Dataset extract START
(* Let $\mathcal{O}$ be an order in a number field $K$, let $\mathfrak{d}\subseteq\mathfrak{m}\subseteq\mathcal{O}$ be nonzero integral ideals, and let $\Sigma$ be any (possibly empty) set of real places of $K$. Then the inclusion $J^*_{\mathfrak{d}}(\mathcal{O})\subseteq J^*_{\mathfrak{m}}(\mathcal{O})$ induces an isomorphism $$\mathrm{Cl}_{\mathfrak{m},\Sigma}(\mathcal{O})=\frac{J^*_{\mathfrak{d}}(\mathcal{O})}{P^{\mathfrak{d}}_{\mathfrak{m},\Sigma}(\mathcal{O})}.$$
   Context: An order is a subring of $K$ containing $1$, free of rank $[K:\mathbb Q]$ over $\mathbb Z$. A fractional $\mathcal O$-ideal is an $\mathcal O$-submodule $\mathfrak a\subseteq K$ with $\lambda\mathfrak a\subseteq\mathcal O$ for some $\lambda\in K^\times$, invertible if $\mathfrak a\mathfrak b=\mathcal O$ for some fractional $\mathfrak b$; it is coprime to an integral ideal $\mathfrak c$ if $\mathfrak a=(\mathfrak a_1:\mathfrak b_1)=\{x\in K:x\mathfrak b_1\subseteq\mathfrak a_1\}$ with $\mathfrak a_1$ integral, $\mathfrak b_1$ invertible integral, both coprime to $\mathfrak c$ (sum equal to $\mathcal O$). $J^*_{\mathfrak c}(\mathcal O)$ is the group of invertible fractional ideals coprime to $\mathfrak c$. For $\alpha\in K$, $\alpha\equiv1\pmod{\mathfrak m}$ means $\alpha-1\in\mathfrak m\mathcal O[S_{\mathfrak m}^{-1}]$, $S_{\mathfrak m}=\{a\in\mathcal O:a\mathcal O+\mathfrak m=\mathcal O\}$. $P_{\mathfrak m,\Sigma}(\mathcal O)=\{\alpha\mathcal O:\alpha\in K^\times,\alpha\equiv1\pmod{\mathfrak m},\rho(\alpha)>0\ \forall\rho\in\Sigma\}$, $\mathrm{Cl}_{\mathfrak m,\Sigma}(\mathcal O)=J^*_{\mathfrak m}(\mathcal O)/P_{\mathfrak m,\Sigma}(\mathcal O)$, and $P^{\mathfrak d}_{\mathfrak m,\Sigma}(\mathcal O)$ is the subgroup of those $\alpha\mathcal O\in P_{\mathfrak m,\Sigma}(\mathcal O)$ with $\alpha\mathcal O$ coprime to $\mathfrak d$. *)

theory Defs
  imports Complex_Main "HOL-Algebra.Coset"
begin

text \<open>The number field K is the whole type 'a (a field of characteristic 0);
finite-dimensionality over Q is part of the definition of an order below.\<close>

definition nf_is_order :: "'a::field_char_0 set \<Rightarrow> bool" where
  "nf_is_order Oc \<longleftrightarrow>
     1 \<in> Oc \<and> (\<forall>x\<in>Oc. \<forall>y\<in>Oc. x + y \<in> Oc \<and> x - y \<in> Oc \<and> x * y \<in> Oc) \<and>
     (\<exists>(n::nat) (b::nat \<Rightarrow> 'a).
        \<comment> \<open>b 0..b (n-1) is a Q-basis of K, so n = [K:Q]\<close>
        (\<forall>c::nat \<Rightarrow> rat. (\<Sum>i<n. of_rat (c i) * b i) = 0 \<longrightarrow> (\<forall>i<n. c i = 0)) \<and>
        (\<forall>x. \<exists>c::nat \<Rightarrow> rat. x = (\<Sum>i<n. of_rat (c i) * b i)) \<and>
        \<comment> \<open>and a Z-basis of Oc\<close>
        Oc = {(\<Sum>i<n. of_int (c i) * b i) | c::nat \<Rightarrow> int. True})"

definition nf_integral_ideal :: "'a::field_char_0 set \<Rightarrow> 'a set \<Rightarrow> bool" where
  "nf_integral_ideal Oc I \<longleftrightarrow> I \<subseteq> Oc \<and> 0 \<in> I \<and> (\<forall>x\<in>I. \<forall>y\<in>I. x + y \<in> I) \<and>
     (\<forall>r\<in>Oc. \<forall>x\<in>I. r * x \<in> I)"

definition nf_fractional_ideal :: "'a::field_char_0 set \<Rightarrow> 'a set \<Rightarrow> bool" where
  "nf_fractional_ideal Oc A \<longleftrightarrow> 0 \<in> A \<and> (\<forall>x\<in>A. \<forall>y\<in>A. x + y \<in> A) \<and>
     (\<forall>r\<in>Oc. \<forall>x\<in>A. r * x \<in> A) \<and> (\<exists>l. l \<noteq> 0 \<and> (\<lambda>x. l * x) ` A \<subseteq> Oc)"
(* Let $\alpha$ be a nonzero real number. Let $\gamma(t)=\Psi(u(t),v(t))$ be an $\alpha$-stationary curve in $\mathbb S^2$ which is not of constant curvature, parametrized by arc length $t$ and not passing through $N$. Then there is a constant $c>0$ such that, expressing $t$ and $v$ as functions of $u$, $$t(u)=\pm\int^u\frac{s^\alpha\sin(s)}{\sqrt{s^{2\alpha}\sin^2(s)-c^2}}\,ds,\qquad v(u)=\pm\int^u\frac{c}{\sin(s)\sqrt{s^{2\alpha}\sin^2(s)-c^2}}\,ds.$$
   Context: $\mathbb S^2\subset\mathbb R^3$ is the unit sphere with the Euclidean metric. It is parametrized by $\Psi(u,v)=(\sin u\cos v,\sin u\sin v,\cos u)$, and $N=(0,0,1)$. The spherical distance from $\Psi(u,v)$ to $N$ is $u\in(0,\pi)$, and the line element is $\sqrt{u'^2+\sin^2(u)v'^2}\,dt$. The energy is $$E_\alpha[\gamma]=\int u^\alpha\sqrt{u'^2+\sin^2(u)v'^2}\,dt.$$ An $\alpha$-stationary curve is a critical point of $E_\alpha$, i.e. $(u,v)$ satisfies its Euler–Lagrange equations. Equivalently, $\kappa=\alpha\langle\mathbf n,\xi\rangle/u$, with $\mathbf n=(\gamma'\times\gamma)/|\gamma'|$, $\kappa=\langle\gamma'',\mathbf n\rangle/|\gamma'|^2$, and $\xi=\Psi_u$. Throughout the paper, $\alpha\ne0$ and curves avoid $N$. Integrals $\int^u$ are indefinite. *)

theory Defs
  imports "HOL-Analysis.Analysis"
begin

definition Psi :: "real \<Rightarrow> real \<Rightarrow> real^3" where
  "Psi u v = vector [sin u * cos v, sin u * sin v, cos u]"

definition speed :: "(real \<Rightarrow> real) \<Rightarrow> (real \<Rightarrow> real) \<Rightarrow> real \<Rightarrow> real" where
  "speed u v t = sqrt ((deriv u t)\<^sup>2 + (sin (u t))\<^sup>2 * (deriv v t)\<^sup>2)"

text \<open>alpha-stationary on the open parameter interval I: the Euler--Lagrange equations of
  the Lagrangian L = u^alpha sqrt(u'^2 + sin^2(u) v'^2) hold at every parameter in I.\<close>
definition alpha_stationary ::
  "real \<Rightarrow> real set \<Rightarrow> (real \<Rightarrow> real) \<Rightarrow> (real \<Rightarrow> real) \<Rightarrow> bool" where
  "alpha_stationary \<alpha> I u v \<longleftrightarrow>
     (\<forall>t\<in>I.
        ((\<lambda>s. u s powr \<alpha> * deriv u s / speed u v s) has_real_derivative
            (\<alpha> * u t powr (\<alpha> - 1) * speed u v t
             + u t powr \<alpha> * sin (u t) * cos (u t) * (deriv v t)\<^sup>2 / speed u v t)) (at t)
      \<and> ((\<lambda>s. u s powr \<alpha> * (sin (u s))\<^sup>2 * deriv v s / speed u v s) has_real_derivative 0) (at t))"

definition curve :: "(real \<Rightarrow> real) \<Rightarrow> (real \<Rightarrow> real) \<Rightarrow> real \<Rightarrow> real^3" where
  "curve u v t = Psi (u t) (v t)"

definition curvature :: "(real \<Rightarrow> real) \<Rightarrow> (real \<Rightarrow> real) \<Rightarrow> real \<Rightarrow> real" where
  "curvature u v t =
     (let g1 = (\<lambda>s. vector_derivative (curve u v) (at s));
          g2 = vector_derivative g1 (at t);
          n = (1 / norm (g1 t)) *\<^sub>R cross3 (g1 t) (curve u v t)
      in (g2 \<bullet> n) / (norm (g1 t))\<^sup>2)"

end

theory Submission imports Defs begin

text \<open>The longitude v is a cyclic coordinate of the Lagrangian, so the second Euler--Lagrange
  equation is Clairaut's first integral: along an arc-length parametrization
  u^alpha sin(u)^2 v' = c0 is constant. If c0 = 0 then v is constant and the curve runs along a
  meridian, a great circle of curvature 0, which is excluded; hence c0 is nonzero. Eliminating v'
  from u'^2 + sin(u)^2 v'^2 = 1 gives u'^2 = (u^(2 alpha) sin(u)^2 - c0^2) / (u^(2 alpha) sin(u)^2),
  and on every piece where u' does not vanish, t(u) and v(t(u)) have the stated derivatives by
  the inverse function rule and the chain rule.\<close>

lemma Psi_eq_meridian:
  "Psi x w = sin x *\<^sub>R vector [cos w, sin w, 0] + cos x *\<^sub>R (vector [0, 0, 1] :: real^3)"
  unfolding Psi_def by (simp add: vec_eq_iff forall_3 vector_3)
(* Let $w$ be an nTL-monomial for $P_n$ and let $x_i$ be a letter occurring in $w$. If $i$ is the $j$-th smallest among the distinct indices occurring in $w$, then $x_i$ occurs at most $j$ times in $w$; likewise, if $i$ is the $j$-th largest among the distinct indices occurring in $w$, then $x_i$ occurs at most $j$ times in $w$.
   Context: The nil-Temperley-Lieb algebra $A_n$ of the path graph $P_n$ is the unital associative algebra generated by $x_1,\dots,x_n$ subject to the relations $x_i^2=0$; $x_ix_j=x_jx_i$ if $|i-j|>1$; $x_ix_{i+1}x_i=0$ and $x_{i+1}x_ix_{i+1}=0$ for $1\le i<n$. Two words are equivalent if one can be obtained from the other by repeatedly swapping adjacent letters $x_ix_j\to x_jx_i$ with $|i-j|>1$. A word is reducible if it equals $0$ in $A_n$. An nTL-monomial is a word that is not reducible and lexicographically smallest (by index sequence) among all words equivalent to it. *)

theory Defs
  imports Main
begin

type_synonym word = "nat list"

text \<open>Elements of the free associative algebra over a field 'k on letters x_1,...,x_n are
represented as formal sums: lists of (coefficient, word) pairs.  The coefficient of a word z
in such a formal sum:\<close>
definition fcoeff :: "('k::field \<times> word) list \<Rightarrow> word \<Rightarrow> 'k" where
  "fcoeff xs z = sum_list (map fst (filter (\<lambda>p. snd p = z) xs))"

text \<open>The defining relations of the nil-Temperley-Lieb algebra A_n of the path P_n,
each written as an element r of the free algebra (meaning r = 0).\<close>
definition nTL_rels :: "nat \<Rightarrow> ('k::field \<times> word) list set" where
  "nTL_rels n =
     {[(1, [i, i])] | i. 1 \<le> i \<and> i \<le> n}
   \<union> {[(1, [i, j]), (-1, [j, i])] | i j. 1 \<le> i \<and> i \<le> n \<and> 1 \<le> j \<and> j \<le> n \<and>
                                         (i > j + 1 \<or> j > i + 1)}
   \<union> {[(1, [i, Suc i, i])] | i. 1 \<le> i \<and> i < n}
   \<union> {[(1, [Suc i, i, Suc i])] | i. 1 \<le> i \<and> i < n}"

definition sandwich :: "word \<Rightarrow> ('k::field \<times> word) list \<Rightarrow> word \<Rightarrow> ('k \<times> word) list" where
  "sandwich u r v = map (\<lambda>(c, y). (c, u @ y @ v)) r"

definition in_nTL_ideal :: "nat \<Rightarrow> (word \<Rightarrow> 'k::field) \<Rightarrow> bool" where
  "in_nTL_ideal n f \<longleftrightarrow>
     (\<exists>ts :: ('k \<times> word \<times> ('k \<times> word) list \<times> word) list.
        (\<forall>(c, u, r, v) \<in> set ts. r \<in> nTL_rels n) \<and>
        (\<forall>z. f z = sum_list (map (\<lambda>(c, u, r, v). c * fcoeff (sandwich u r v) z) ts)))"

text \<open>A word is reducible if it equals 0 in A_n (over the field 'k).\<close>
definition nTL_reducible :: "'k::field itself \<Rightarrow> nat \<Rightarrow> word \<Rightarrow> bool" where
  "nTL_reducible _ n w \<longleftrightarrow> in_nTL_ideal n (\<lambda>z. if z = w then (1::'k) else 0)"

definition nTL_swap :: "word \<Rightarrow> word \<Rightarrow> bool" where
  "nTL_swap w w' \<longleftrightarrow> (\<exists>a b i j. (i > j + 1 \<or> j > i + 1) \<and> w = a @ [i, j] @ b \<and> w' = a @ [j, i] @ b)"

definition nTL_equiv :: "word \<Rightarrow> word \<Rightarrow> bool" where
  "nTL_equiv = nTL_swap\<^sup>*\<^sup>*"

definition nTL_monomial :: "'k::field itself \<Rightarrow> nat \<Rightarrow> word \<Rightarrow> bool" where
  "nTL_monomial K n w \<longleftrightarrow>
     set w \<subseteq> {1..n} \<and> \<not> nTL_reducible K n w \<and>
     (\<forall>w'. nTL_equiv w w' \<longrightarrow> (w', w) \<notin> lexord {(a, b). a < b})"

end

theory Submission
  imports Defs
begin

text \<open>If two consecutive occurrences of a letter \<open>a\<close> enclose no
occurrence of a neighbour \<open>b\<close> of \<open>a\<close>, the word is zero in \<open>A\<^sub>n\<close>: by induction on the length of
the gap, the other neighbour \<open>c\<close> of \<open>a\<close> occurs there not at all (then the two \<open>a\<close>'s commute
together into \<open>x\<^sub>a\<^sup>2\<close>), exactly once (then they commute together into \<open>x\<^sub>a x\<^sub>c x\<^sub>a\<close>), or twice
in a row with a gap free of \<open>c\<close> and of its neighbour \<open>a\<close>.  Hence between consecutive occurrences
of \<open>a\<close> every neighbour occurs, so \<open>a\<close> occurs at most once more than each neighbour; climbing
from the smallest (or largest) index occurring in the word gives the bounds.\<close>

lemma fcoeff_sandwich:
  "fcoeff (sandwich u r v) z = sum_list (map fst (filter (\<lambda>p. u @ snd p @ v = z) r))"
  by (induction r) (auto simp: fcoeff_def sandwich_def)

lemma in_nTL_ideal_sandwich:
  assumes "(r :: ('k::field \<times> word) list) \<in> nTL_rels n"
  shows "in_nTL_ideal n (fcoeff (sandwich u r v))"
  unfolding in_nTL_ideal_def using assms by (intro exI[of _ "[(1, u, r, v)]"]) simp

lemma in_nTL_ideal_add:
  assumes "in_nTL_ideal n (f :: word \<Rightarrow> 'k::field)" "in_nTL_ideal n g"
  shows "in_nTL_ideal n (\<lambda>z. f z + g z)"
proof -
  obtain ts1 :: "('k \<times> word \<times> ('k \<times> word) list \<times> word) list" where
    "\<forall>(c, u, r, v) \<in> set ts1. r \<in> nTL_rels n"
    "\<forall>z. f z = sum_list (map (\<lambda>(c, u, r, v). c * fcoeff (sandwich u r v) z) ts1)"
    using assms(1) unfolding in_nTL_ideal_def by blast
  moreover obtain ts2 :: "('k \<times> word \<times> ('k \<times> word) list \<times> word) list" where
    "\<forall>(c, u, r, v) \<in> set ts2. r \<in> nTL_rels n"
    "\<forall>z. g z = sum_list (map (\<lambda>(c, u, r, v). c * fcoeff (sandwich u r v) z) ts2)"
    using assms(2) unfolding in_nTL_ideal_def by blast
  ultimately show ?thesis
    unfolding in_nTL_ideal_def by (intro exI[of _ "ts1 @ ts2"]) auto
qed

lemma nTL_reducible_monomial_relator:
  assumes "[((1::'k::field), y)] \<in> nTL_rels n"
  shows "nTL_reducible TYPE('k) n (p @ y @ q)"
proof -
  have "(\<lambda>z. if z = p @ y @ q then (1::'k) else 0) = fcoeff (sandwich p [((1::'k), y)] q)"
    by (auto simp: fcoeff_sandwich)
  then show ?thesis
    unfolding nTL_reducible_def using in_nTL_ideal_sandwich[OF assms] by metis
qed

lemma nTL_reducible_square:
  assumes "1 \<le> a" "a \<le> n"
  shows "nTL_reducible TYPE('k::field) n (p @ [a, a] @ q)"
  using assms by (intro nTL_reducible_monomial_relator) (auto simp: nTL_rels_def)

lemma nTL_reducible_braid:
  assumes "c = Suc a \<or> a = Suc c" "1 \<le> a" "a \<le> n" "1 \<le> c" "c \<le> n"
  shows "nTL_reducible TYPE('k::field) n (p @ [a, c, a] @ q)"
  using assms by (intro nTL_reducible_monomial_relator) (auto simp: nTL_rels_def)

lemma nTL_reducible_swap:
  assumes "1 \<le> i" "i \<le> n" "1 \<le> j" "j \<le> n" "i > j + 1 \<or> j > i + 1"
    and "nTL_reducible TYPE('k::field) n (p @ [j, i] @ q)"
  shows "nTL_reducible TYPE('k) n (p @ [i, j] @ q)"
proof -
  let ?r = "[((1::'k), [i, j]), (-1, [j, i])]"
  have rel: "?r \<in> nTL_rels n"
    using assms(1-5) unfolding nTL_rels_def by blast
  have "p @ [i, j] @ q \<noteq> p @ [j, i] @ q"
    using assms(5) by auto
  then have "(\<lambda>z. if z = p @ [i, j] @ q then (1::'k) else 0)
      = (\<lambda>z. (if z = p @ [j, i] @ q then 1 else 0) + fcoeff (sandwich p ?r q) z)"
    by (auto simp: fcoeff_sandwich)
  then show ?thesis
    using in_nTL_ideal_add[OF assms(6)[unfolded nTL_reducible_def] in_nTL_ideal_sandwich[OF rel]]
    unfolding nTL_reducible_def by simp
qed

lemma nTL_reducible_commute_iff:
  assumes "set u \<subseteq> {1..n}" "1 \<le> a" "a \<le> n" "\<forall>x \<in> set u. a > x + 1 \<or> x > a + 1"
  shows "nTL_reducible TYPE('k::field) n (p @ u @ [a] @ q)
     \<longleftrightarrow> nTL_reducible TYPE('k) n (p @ [a] @ u @ q)"
  using assms
proof (induction u arbitrary: p)
  case Nil
  then show ?case by simp
next
  case (Cons x u)
  have "nTL_reducible TYPE('k) n (p @ [x, a] @ u @ q)
      \<longleftrightarrow> nTL_reducible TYPE('k) n (p @ [a, x] @ u @ q)"
    using Cons.prems nTL_reducible_swap[of a n x p "u @ q"] nTL_reducible_swap[of x n a p "u @ q"]
    by auto
  then show ?case
    using Cons.IH[of "p @ [x]"] Cons.prems by simp
qed

lemma nTL_reducible_gap_without_neighbour:
  assumes "set (p @ [a] @ u @ [a] @ q) \<subseteq> {1..n}" "b = Suc a \<or> a = Suc b"
    and "a \<notin> set u" "b \<notin> set u"
  shows "nTL_reducible TYPE('k::field) n (p @ [a] @ u @ [a] @ q)"
  using assms
proof (induction "length u" arbitrary: p q a b u rule: less_induct)
  case less
  \<comment> \<open>the other neighbour of \<open>a\<close>; it is \<open>0\<close>, hence absent from \<open>u\<close>, when \<open>a = 1\<close> and \<open>b = 2\<close>\<close>
  define c where "c = (if b = Suc a then a - 1 else Suc a)"
  have a: "1 \<le> a" "a \<le> n" and u: "set u \<subseteq> {1..n}"
    using less.prems(1) by auto
  have adjacent: "c = Suc a \<or> a = Suc c"
    using less.prems(2) a(1) by (auto simp: c_def)
  have far: "a > x + 1 \<or> x > a + 1" if "x \<in> set u" "x \<noteq> c" for x
  proof -
    have "x \<noteq> a" "x \<noteq> b" using that(1) less.prems(3,4) by auto
    then show ?thesis using that(2) less.prems(2) unfolding c_def by (cases "b = Suc a") auto
  qed
  consider (absent) "c \<notin> set u"
    | (once) u1 u2 where "u = u1 @ c # u2" "c \<notin> set u1" "c \<notin> set u2"
    | (twice) u1 v u2 where "u = u1 @ c # v @ c # u2" "c \<notin> set v"
    by (metis split_list_first)
  then show ?case
  proof cases
    case absent
    have "nTL_reducible TYPE('k) n (p @ u @ [a] @ [a] @ q)"
      using nTL_reducible_square[of a n "p @ u" q] a by simp
    then show ?thesis
      using nTL_reducible_commute_iff[OF u a] far absent by blast
  next
    case once
    have c: "1 \<le> c" "c \<le> n"
      using u once(1) by auto
    have u1: "set u1 \<subseteq> {1..n}" and u2: "set u2 \<subseteq> {1..n}"
      using u once(1) by auto
    have far1: "\<forall>x \<in> set u1. a > x + 1 \<or> x > a + 1"
      and far2: "\<forall>x \<in> set u2. a > x + 1 \<or> x > a + 1"
      using far once by auto
    have "nTL_reducible TYPE('k) n ((p @ u1 @ [a, c]) @ [a] @ u2 @ q)"
      using nTL_reducible_braid[OF adjacent a c, of "p @ u1" "u2 @ q"] by simp
    then have "nTL_reducible TYPE('k) n ((p @ u1 @ [a, c]) @ u2 @ [a] @ q)"
      using nTL_reducible_commute_iff[OF u2 a far2] by blast
    then have "nTL_reducible TYPE('k) n (p @ u1 @ [a] @ (c # u2 @ [a] @ q))"
      by simp
    then have "nTL_reducible TYPE('k) n (p @ [a] @ u1 @ (c # u2 @ [a] @ q))"
      using nTL_reducible_commute_iff[OF u1 a far1] by blast
    then show ?thesis
      using once(1) by simp
  next
    case twice
    have "nTL_reducible TYPE('k) n ((p @ [a] @ u1) @ [c] @ v @ [c] @ (u2 @ [a] @ q))"
    proof (rule less.hyps)
      show "length v < length u" using twice(1) by simp
      show "set ((p @ [a] @ u1) @ [c] @ v @ [c] @ u2 @ [a] @ q) \<subseteq> {1..n}"
        using less.prems(1) twice(1) by auto
      show "a = Suc c \<or> c = Suc a" using adjacent by auto
      show "a \<notin> set v" using less.prems(3) twice(1) by simp
    qed (use twice(2) in simp)
    then show ?thesis using twice(1) by simp
  qed
qed

lemma nTL_irreducible_neighbour_in_gap:
  assumes "set w \<subseteq> {1..n}" "\<not> nTL_reducible TYPE('k::field) n w"
    and "w = p @ a # u @ a # q" "a \<notin> set u" "b = Suc a \<or> a = Suc b"
  shows "b \<in> set u"
  using nTL_reducible_gap_without_neighbour[of p a u q n b] assms by auto

lemma count_list_le_Suc_count_list_if_separated:
  assumes "\<forall>p u q. w = p @ a # u @ a # q \<longrightarrow> a \<notin> set u \<longrightarrow> b \<in> set u"
  shows "count_list w a \<le> count_list w b + 1"
  using assms
proof (induction "length w" arbitrary: w rule: less_induct)
  case less
  show ?case
  proof (cases "a \<in> set w")
    case False
    then show ?thesis by (simp add: count_list_0_iff)
  next
    case True
    then obtain p w' where w: "w = p @ a # w'" "a \<notin> set p"
      by (metis split_list_first)
    show ?thesis
    proof (cases "a \<in> set w'")
      case False
      then show ?thesis using w by (simp add: count_list_0_iff)
    next
      case True
      then obtain u q where w': "w' = u @ a # q" "a \<notin> set u"
        by (metis split_list_first)
      have "b \<in> set u"
        using less.prems w w' by blast
      then have b: "count_list u b \<ge> 1"
        by (metis count_list_0_iff less_one not_le)
      have "count_list (a # q) a \<le> count_list (a # q) b + 1"
      proof (rule less.hyps)
        show "length (a # q) < length w" using w w' by simp
        show "\<forall>p' u' q'. a # q = p' @ a # u' @ a # q' \<longrightarrow> a \<notin> set u' \<longrightarrow> b \<in> set u'"
          using less.prems w w' by (metis append.assoc append_Cons)
      qed
      moreover have "a \<noteq> b" using \<open>b \<in> set u\<close> w'(2) by blast
      ultimately show ?thesis
        using w w' b by (simp add: count_list_0_iff)
    qed
  qed
qed

lemma nTL_irreducible_count_le_neighbour:
  assumes "set w \<subseteq> {1..n}" "\<not> nTL_reducible TYPE('k::field) n w"
    and "b = Suc a \<or> a = Suc b"
  shows "count_list w a \<le> count_list w b + 1"
  using assms nTL_irreducible_neighbour_in_gap[OF assms(1,2)]
  by (intro count_list_le_Suc_count_list_if_separated) blast

lemma nTL_irreducible_count_le_card_below:
  assumes "set w \<subseteq> {1..n}" "\<not> nTL_reducible TYPE('k::field) n w"
  shows "count_list w i \<le> card {k \<in> set w. k \<le> i}"
proof (induction i)
  case 0
  have "0 \<notin> set w" using assms(1) by auto
  then show ?case by (simp add: count_list_0_iff)
next
  case (Suc m)
  show ?case
  proof (cases "Suc m \<in> set w")
    case False
    then show ?thesis by (simp add: count_list_0_iff)
  next
    case True
    then have "{k \<in> set w. k \<le> Suc m} = insert (Suc m) {k \<in> set w. k \<le> m}"
      by auto
    then have "card {k \<in> set w. k \<le> Suc m} = Suc (card {k \<in> set w. k \<le> m})"
      by simp
    moreover have "count_list w (Suc m) \<le> count_list w m + 1"
      using nTL_irreducible_count_le_neighbour[OF assms] by simp
    ultimately show ?thesis using Suc by simp
  qed
qed

lemma nTL_irreducible_count_le_card_above:
  assumes "set w \<subseteq> {1..n}" "\<not> nTL_reducible TYPE('k::field) n w"
  shows "count_list w i \<le> card {k \<in> set w. i \<le> k}"
proof (induction "Suc n - i" arbitrary: i rule: less_induct)
  case less
  show ?case
  proof (cases "i \<in> set w")
    case False
    then show ?thesis by (simp add: count_list_0_iff)
  next
    case True
    then have "i \<le> n" using assms(1) by auto
    then have "Suc n - Suc i < Suc n - i" by simp
    then have IH: "count_list w (Suc i) \<le> card {k \<in> set w. Suc i \<le> k}"
      using less by blast
    have "{k \<in> set w. i \<le> k} = insert i {k \<in> set w. Suc i \<le> k}"
      using True by auto
    then have "card {k \<in> set w. i \<le> k} = Suc (card {k \<in> set w. Suc i \<le> k})"
      by simp
    moreover have "count_list w i \<le> count_list w (Suc i) + 1"
      using nTL_irreducible_count_le_neighbour[OF assms] by simp
    ultimately show ?thesis using IH by simp
  qed
qed

theorem lemma7p1:
  fixes w :: "nat list" and n i :: nat
  assumes "nTL_monomial TYPE('k::field) n w"
    and "i \<in> set w"
  shows "count_list w i \<le> card {k \<in> set w. k \<le> i}
       \<and> count_list w i \<le> card {k \<in> set w. i \<le> k}"
proof -
  have "set w \<subseteq> {1..n}" "\<not> nTL_reducible TYPE('k) n w"
    using assms(1) unfolding nTL_monomial_def by blast+
  then show ?thesis
    using nTL_irreducible_count_le_card_below nTL_irreducible_count_le_card_above by blast
qed

end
Dataset extract END
**The problem**
Copy exactly the stretch of data above from the line with "Suc i, i])]" through the line with "together into \<open>x\<^sub>a\<^sup>2\<close>), exactly", and omit all other lines.

**Exercise solution**
   \<union> {[(1, [i, Suc i, i])] | i. 1 \<le> i \<and> i < n}
   \<union> {[(1, [Suc i, i, Suc i])] | i. 1 \<le> i \<and> i < n}"

definition sandwich :: "word \<Rightarrow> ('k::field \<times> word) list \<Rightarrow> word \<Rightarrow> ('k \<times> word) list" where
  "sandwich u r v = map (\<lambda>(c, y). (c, u @ y @ v)) r"

definition in_nTL_ideal :: "nat \<Rightarrow> (word \<Rightarrow> 'k::field) \<Rightarrow> bool" where
  "in_nTL_ideal n f \<longleftrightarrow>
     (\<exists>ts :: ('k \<times> word \<times> ('k \<times> word) list \<times> word) list.
        (\<forall>(c, u, r, v) \<in> set ts. r \<in> nTL_rels n) \<and>
        (\<forall>z. f z = sum_list (map (\<lambda>(c, u, r, v). c * fcoeff (sandwich u r v) z) ts)))"

text \<open>A word is reducible if it equals 0 in A_n (over the field 'k).\<close>
definition nTL_reducible :: "'k::field itself \<Rightarrow> nat \<Rightarrow> word \<Rightarrow> bool" where
  "nTL_reducible _ n w \<longleftrightarrow> in_nTL_ideal n (\<lambda>z. if z = w then (1::'k) else 0)"

definition nTL_swap :: "word \<Rightarrow> word \<Rightarrow> bool" where
  "nTL_swap w w' \<longleftrightarrow> (\<exists>a b i j. (i > j + 1 \<or> j > i + 1) \<and> w = a @ [i, j] @ b \<and> w' = a @ [j, i] @ b)"

definition nTL_equiv :: "word \<Rightarrow> word \<Rightarrow> bool" where
  "nTL_equiv = nTL_swap\<^sup>*\<^sup>*"

definition nTL_monomial :: "'k::field itself \<Rightarrow> nat \<Rightarrow> word \<Rightarrow> bool" where
  "nTL_monomial K n w \<longleftrightarrow>
     set w \<subseteq> {1..n} \<and> \<not> nTL_reducible K n w \<and>
     (\<forall>w'. nTL_equiv w w' \<longrightarrow> (w', w) \<notin> lexord {(a, b). a < b})"

end

theory Submission
  imports Defs
begin

text \<open>If two consecutive occurrences of a letter \<open>a\<close> enclose no
occurrence of a neighbour \<open>b\<close> of \<open>a\<close>, the word is zero in \<open>A\<^sub>n\<close>: by induction on the length of
the gap, the other neighbour \<open>c\<close> of \<open>a\<close> occurs there not at all (then the two \<open>a\<close>'s commute
together into \<open>x\<^sub>a\<^sup>2\<close>), exactly once (then they commute together into \<open>x\<^sub>a x\<^sub>c x\<^sub>a\<close>), or twice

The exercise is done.